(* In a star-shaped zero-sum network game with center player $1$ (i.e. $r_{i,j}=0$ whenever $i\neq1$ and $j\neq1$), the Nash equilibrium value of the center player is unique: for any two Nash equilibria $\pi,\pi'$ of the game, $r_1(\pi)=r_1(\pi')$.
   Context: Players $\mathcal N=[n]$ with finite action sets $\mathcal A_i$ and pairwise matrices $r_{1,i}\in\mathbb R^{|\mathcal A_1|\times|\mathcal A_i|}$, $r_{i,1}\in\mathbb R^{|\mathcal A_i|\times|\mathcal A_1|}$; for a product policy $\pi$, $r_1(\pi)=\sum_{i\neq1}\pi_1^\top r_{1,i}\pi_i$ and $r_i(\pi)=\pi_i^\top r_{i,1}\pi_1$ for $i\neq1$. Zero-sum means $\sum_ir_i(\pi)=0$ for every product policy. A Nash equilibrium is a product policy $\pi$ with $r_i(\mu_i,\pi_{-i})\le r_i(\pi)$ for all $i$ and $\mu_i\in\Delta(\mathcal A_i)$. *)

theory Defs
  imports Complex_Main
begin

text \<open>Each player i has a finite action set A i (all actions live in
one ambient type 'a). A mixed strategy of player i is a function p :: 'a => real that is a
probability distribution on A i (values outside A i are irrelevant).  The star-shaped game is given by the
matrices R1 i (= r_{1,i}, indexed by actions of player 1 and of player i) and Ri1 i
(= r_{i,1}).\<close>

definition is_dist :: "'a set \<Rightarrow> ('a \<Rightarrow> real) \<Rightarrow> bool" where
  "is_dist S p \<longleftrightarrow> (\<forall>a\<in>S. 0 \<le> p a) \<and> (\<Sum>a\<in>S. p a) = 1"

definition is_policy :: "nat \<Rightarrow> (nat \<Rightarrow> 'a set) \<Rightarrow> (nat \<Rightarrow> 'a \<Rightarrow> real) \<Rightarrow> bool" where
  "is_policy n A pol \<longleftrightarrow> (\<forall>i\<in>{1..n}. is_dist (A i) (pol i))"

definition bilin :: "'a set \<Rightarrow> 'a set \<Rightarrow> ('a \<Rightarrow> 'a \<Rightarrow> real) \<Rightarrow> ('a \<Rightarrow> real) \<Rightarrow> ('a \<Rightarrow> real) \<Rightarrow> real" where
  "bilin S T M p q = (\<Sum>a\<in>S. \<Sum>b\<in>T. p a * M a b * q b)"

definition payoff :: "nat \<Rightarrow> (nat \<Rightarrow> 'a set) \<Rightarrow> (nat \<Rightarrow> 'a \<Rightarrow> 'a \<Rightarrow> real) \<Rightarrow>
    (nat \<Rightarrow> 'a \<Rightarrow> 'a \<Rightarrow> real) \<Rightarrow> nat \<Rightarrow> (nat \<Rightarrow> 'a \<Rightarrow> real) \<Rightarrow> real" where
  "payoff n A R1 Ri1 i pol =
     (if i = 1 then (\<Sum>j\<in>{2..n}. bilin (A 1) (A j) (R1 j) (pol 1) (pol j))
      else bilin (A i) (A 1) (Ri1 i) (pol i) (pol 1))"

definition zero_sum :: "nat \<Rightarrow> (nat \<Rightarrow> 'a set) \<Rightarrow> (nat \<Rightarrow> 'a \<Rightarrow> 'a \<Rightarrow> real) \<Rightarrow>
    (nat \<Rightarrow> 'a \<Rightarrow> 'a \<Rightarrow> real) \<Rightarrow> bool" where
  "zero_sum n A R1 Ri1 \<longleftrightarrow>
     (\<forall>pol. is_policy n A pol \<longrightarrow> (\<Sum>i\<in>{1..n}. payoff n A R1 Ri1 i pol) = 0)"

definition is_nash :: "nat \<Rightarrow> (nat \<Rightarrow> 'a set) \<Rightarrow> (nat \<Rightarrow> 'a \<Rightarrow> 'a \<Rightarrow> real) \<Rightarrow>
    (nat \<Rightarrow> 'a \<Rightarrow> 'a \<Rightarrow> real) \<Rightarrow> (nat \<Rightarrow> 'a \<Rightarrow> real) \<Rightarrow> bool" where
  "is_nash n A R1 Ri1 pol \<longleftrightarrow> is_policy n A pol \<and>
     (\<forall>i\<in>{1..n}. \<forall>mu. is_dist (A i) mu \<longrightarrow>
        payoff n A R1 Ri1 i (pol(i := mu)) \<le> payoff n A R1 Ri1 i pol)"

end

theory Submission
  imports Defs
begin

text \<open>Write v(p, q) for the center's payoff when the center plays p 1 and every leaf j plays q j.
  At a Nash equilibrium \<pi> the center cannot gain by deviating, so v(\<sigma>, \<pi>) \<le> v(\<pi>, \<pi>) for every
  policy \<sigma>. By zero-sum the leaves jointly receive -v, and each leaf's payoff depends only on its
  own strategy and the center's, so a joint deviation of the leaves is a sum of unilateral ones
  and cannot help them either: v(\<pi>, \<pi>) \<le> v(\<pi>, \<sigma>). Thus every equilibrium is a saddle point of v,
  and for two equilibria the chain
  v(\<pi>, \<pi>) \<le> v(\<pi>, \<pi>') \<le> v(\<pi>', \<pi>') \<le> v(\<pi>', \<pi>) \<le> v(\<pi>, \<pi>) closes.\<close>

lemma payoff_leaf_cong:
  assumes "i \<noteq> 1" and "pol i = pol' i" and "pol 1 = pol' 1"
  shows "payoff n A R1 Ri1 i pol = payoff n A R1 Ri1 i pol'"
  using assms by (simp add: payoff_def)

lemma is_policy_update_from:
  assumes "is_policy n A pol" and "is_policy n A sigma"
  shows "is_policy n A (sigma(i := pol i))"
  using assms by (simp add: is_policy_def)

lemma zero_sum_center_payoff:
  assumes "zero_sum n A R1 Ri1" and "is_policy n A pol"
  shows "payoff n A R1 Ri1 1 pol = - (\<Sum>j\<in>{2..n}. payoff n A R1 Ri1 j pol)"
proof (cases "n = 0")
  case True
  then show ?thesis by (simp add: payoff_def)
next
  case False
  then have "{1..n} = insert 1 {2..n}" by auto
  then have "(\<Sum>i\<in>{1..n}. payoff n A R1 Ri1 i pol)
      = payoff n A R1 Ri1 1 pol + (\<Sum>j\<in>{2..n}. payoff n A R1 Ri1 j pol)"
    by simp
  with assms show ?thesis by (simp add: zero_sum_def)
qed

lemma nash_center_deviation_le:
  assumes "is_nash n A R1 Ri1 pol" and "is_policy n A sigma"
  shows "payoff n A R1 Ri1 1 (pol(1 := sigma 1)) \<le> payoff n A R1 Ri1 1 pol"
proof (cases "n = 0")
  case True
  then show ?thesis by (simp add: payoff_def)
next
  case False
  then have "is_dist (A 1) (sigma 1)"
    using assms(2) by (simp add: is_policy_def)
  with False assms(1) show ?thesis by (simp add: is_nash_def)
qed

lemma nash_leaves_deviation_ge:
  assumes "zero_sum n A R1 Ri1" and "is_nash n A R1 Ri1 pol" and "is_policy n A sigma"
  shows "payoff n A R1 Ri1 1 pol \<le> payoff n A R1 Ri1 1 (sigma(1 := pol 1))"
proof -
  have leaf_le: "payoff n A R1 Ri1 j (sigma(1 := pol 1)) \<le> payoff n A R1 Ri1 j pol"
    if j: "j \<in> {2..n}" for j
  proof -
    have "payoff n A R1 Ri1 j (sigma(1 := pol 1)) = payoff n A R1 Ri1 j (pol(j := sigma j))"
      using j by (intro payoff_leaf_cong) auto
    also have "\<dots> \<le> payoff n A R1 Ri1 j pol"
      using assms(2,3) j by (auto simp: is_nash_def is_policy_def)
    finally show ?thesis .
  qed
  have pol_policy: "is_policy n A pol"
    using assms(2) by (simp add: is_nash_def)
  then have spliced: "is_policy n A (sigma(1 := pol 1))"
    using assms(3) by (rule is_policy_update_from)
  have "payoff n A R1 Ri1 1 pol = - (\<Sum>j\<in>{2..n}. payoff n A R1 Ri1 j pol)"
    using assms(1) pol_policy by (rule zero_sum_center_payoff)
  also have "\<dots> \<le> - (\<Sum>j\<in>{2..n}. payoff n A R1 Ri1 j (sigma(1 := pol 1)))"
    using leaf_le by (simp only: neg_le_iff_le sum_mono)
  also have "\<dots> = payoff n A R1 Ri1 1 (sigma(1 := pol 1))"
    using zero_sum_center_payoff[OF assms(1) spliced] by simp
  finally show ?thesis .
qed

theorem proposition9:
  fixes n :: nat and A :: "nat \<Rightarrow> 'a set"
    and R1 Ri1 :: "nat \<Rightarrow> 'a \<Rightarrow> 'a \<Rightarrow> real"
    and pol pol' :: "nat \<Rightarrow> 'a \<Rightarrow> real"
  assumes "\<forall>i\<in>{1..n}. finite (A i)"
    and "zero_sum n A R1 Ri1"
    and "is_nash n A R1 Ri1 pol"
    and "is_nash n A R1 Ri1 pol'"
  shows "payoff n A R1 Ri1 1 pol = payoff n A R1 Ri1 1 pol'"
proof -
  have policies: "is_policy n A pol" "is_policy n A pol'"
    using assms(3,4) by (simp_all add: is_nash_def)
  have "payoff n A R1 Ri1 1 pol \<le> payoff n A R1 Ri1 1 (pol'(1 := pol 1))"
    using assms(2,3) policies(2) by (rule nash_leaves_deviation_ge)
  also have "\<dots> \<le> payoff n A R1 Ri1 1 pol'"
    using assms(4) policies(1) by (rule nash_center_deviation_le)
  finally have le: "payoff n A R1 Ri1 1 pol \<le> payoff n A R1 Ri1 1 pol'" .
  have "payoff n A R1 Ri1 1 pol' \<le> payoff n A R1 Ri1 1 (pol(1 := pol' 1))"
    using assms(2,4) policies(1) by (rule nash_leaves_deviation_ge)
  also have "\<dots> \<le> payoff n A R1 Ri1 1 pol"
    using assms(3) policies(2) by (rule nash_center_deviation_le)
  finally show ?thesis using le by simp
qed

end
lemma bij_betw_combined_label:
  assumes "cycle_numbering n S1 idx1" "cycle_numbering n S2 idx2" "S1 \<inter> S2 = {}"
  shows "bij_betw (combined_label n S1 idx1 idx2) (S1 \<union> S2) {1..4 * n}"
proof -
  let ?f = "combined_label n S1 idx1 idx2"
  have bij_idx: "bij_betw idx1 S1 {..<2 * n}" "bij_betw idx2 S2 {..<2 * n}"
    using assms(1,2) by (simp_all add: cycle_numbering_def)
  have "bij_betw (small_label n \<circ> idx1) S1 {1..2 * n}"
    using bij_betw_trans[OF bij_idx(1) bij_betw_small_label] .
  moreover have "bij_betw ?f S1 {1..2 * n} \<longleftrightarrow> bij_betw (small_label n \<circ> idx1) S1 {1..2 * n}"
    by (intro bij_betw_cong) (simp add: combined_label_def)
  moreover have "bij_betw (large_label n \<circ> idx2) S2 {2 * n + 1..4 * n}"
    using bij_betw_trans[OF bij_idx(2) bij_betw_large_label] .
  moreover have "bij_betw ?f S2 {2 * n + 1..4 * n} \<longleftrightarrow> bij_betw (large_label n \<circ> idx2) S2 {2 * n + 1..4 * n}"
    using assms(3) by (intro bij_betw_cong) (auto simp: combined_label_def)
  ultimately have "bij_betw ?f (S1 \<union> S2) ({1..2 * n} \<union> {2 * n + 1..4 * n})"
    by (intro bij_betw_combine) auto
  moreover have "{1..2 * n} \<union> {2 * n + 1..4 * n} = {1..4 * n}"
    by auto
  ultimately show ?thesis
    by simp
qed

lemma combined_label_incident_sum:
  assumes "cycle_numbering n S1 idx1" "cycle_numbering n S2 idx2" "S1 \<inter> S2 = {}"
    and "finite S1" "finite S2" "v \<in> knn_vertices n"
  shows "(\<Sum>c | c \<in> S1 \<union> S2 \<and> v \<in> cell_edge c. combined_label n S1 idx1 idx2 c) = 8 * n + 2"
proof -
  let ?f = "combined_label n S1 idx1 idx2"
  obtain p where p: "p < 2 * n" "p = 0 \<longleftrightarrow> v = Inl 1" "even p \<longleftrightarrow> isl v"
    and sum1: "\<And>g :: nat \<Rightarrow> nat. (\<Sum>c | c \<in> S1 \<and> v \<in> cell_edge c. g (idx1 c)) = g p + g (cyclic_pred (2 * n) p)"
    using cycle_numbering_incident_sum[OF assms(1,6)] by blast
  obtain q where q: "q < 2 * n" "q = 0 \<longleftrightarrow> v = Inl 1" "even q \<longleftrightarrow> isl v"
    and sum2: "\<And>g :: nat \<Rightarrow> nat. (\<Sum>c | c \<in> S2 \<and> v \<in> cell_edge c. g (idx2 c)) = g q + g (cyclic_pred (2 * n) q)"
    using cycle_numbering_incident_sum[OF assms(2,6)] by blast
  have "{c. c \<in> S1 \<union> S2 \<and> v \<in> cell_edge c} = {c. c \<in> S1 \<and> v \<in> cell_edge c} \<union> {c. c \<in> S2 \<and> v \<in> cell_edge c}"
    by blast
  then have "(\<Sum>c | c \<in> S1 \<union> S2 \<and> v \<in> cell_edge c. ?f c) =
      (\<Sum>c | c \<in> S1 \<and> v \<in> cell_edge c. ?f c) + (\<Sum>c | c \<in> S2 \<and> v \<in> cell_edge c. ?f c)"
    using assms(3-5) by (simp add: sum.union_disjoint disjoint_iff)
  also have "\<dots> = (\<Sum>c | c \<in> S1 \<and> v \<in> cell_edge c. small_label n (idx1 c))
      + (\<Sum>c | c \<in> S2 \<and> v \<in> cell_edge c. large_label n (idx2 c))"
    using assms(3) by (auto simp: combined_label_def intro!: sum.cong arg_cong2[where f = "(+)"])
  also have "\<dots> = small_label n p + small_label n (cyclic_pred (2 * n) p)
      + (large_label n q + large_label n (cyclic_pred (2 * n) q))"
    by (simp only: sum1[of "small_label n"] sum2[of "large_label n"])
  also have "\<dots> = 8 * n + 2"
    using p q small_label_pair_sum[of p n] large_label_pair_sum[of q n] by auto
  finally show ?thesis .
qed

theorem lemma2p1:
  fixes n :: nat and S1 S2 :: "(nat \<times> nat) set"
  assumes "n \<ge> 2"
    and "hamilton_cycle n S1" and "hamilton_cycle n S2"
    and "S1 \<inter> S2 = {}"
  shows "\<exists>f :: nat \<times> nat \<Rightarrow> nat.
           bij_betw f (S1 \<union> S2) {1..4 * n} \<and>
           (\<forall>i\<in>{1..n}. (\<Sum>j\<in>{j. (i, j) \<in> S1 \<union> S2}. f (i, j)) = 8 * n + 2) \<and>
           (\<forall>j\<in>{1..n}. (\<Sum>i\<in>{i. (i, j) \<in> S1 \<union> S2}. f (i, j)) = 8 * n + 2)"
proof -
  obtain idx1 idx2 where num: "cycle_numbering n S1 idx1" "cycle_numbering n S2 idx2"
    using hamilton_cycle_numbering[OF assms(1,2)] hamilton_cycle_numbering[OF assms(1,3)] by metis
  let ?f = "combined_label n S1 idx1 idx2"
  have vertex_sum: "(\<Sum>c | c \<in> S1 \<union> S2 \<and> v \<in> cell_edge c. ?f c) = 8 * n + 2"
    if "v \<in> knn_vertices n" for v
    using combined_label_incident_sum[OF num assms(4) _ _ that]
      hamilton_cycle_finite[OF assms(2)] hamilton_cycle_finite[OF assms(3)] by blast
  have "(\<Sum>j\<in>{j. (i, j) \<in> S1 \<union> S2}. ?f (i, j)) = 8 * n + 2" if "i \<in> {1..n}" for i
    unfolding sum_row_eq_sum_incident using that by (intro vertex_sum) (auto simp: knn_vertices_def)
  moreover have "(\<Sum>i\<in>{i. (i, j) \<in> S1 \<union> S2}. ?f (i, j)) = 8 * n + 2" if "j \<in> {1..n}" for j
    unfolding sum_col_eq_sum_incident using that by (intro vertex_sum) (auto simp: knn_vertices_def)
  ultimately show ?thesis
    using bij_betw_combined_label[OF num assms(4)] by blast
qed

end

◆ ◆ ◆

◆ Exercise prompt: Please copy, exactly and with nothing else, the lines above beginning at the line that has "using bij_betw_trans[OF bij_idx(2)" and ending with the line that has "using assms(3) by (intro".

◆ Answer space:
    using bij_betw_trans[OF bij_idx(2) bij_betw_large_label] .
  moreover have "bij_betw ?f S2 {2 * n + 1..4 * n} \<longleftrightarrow> bij_betw (large_label n \<circ> idx2) S2 {2 * n + 1..4 * n}"
    using assms(3) by (intro bij_betw_cong) (auto simp: combined_label_def)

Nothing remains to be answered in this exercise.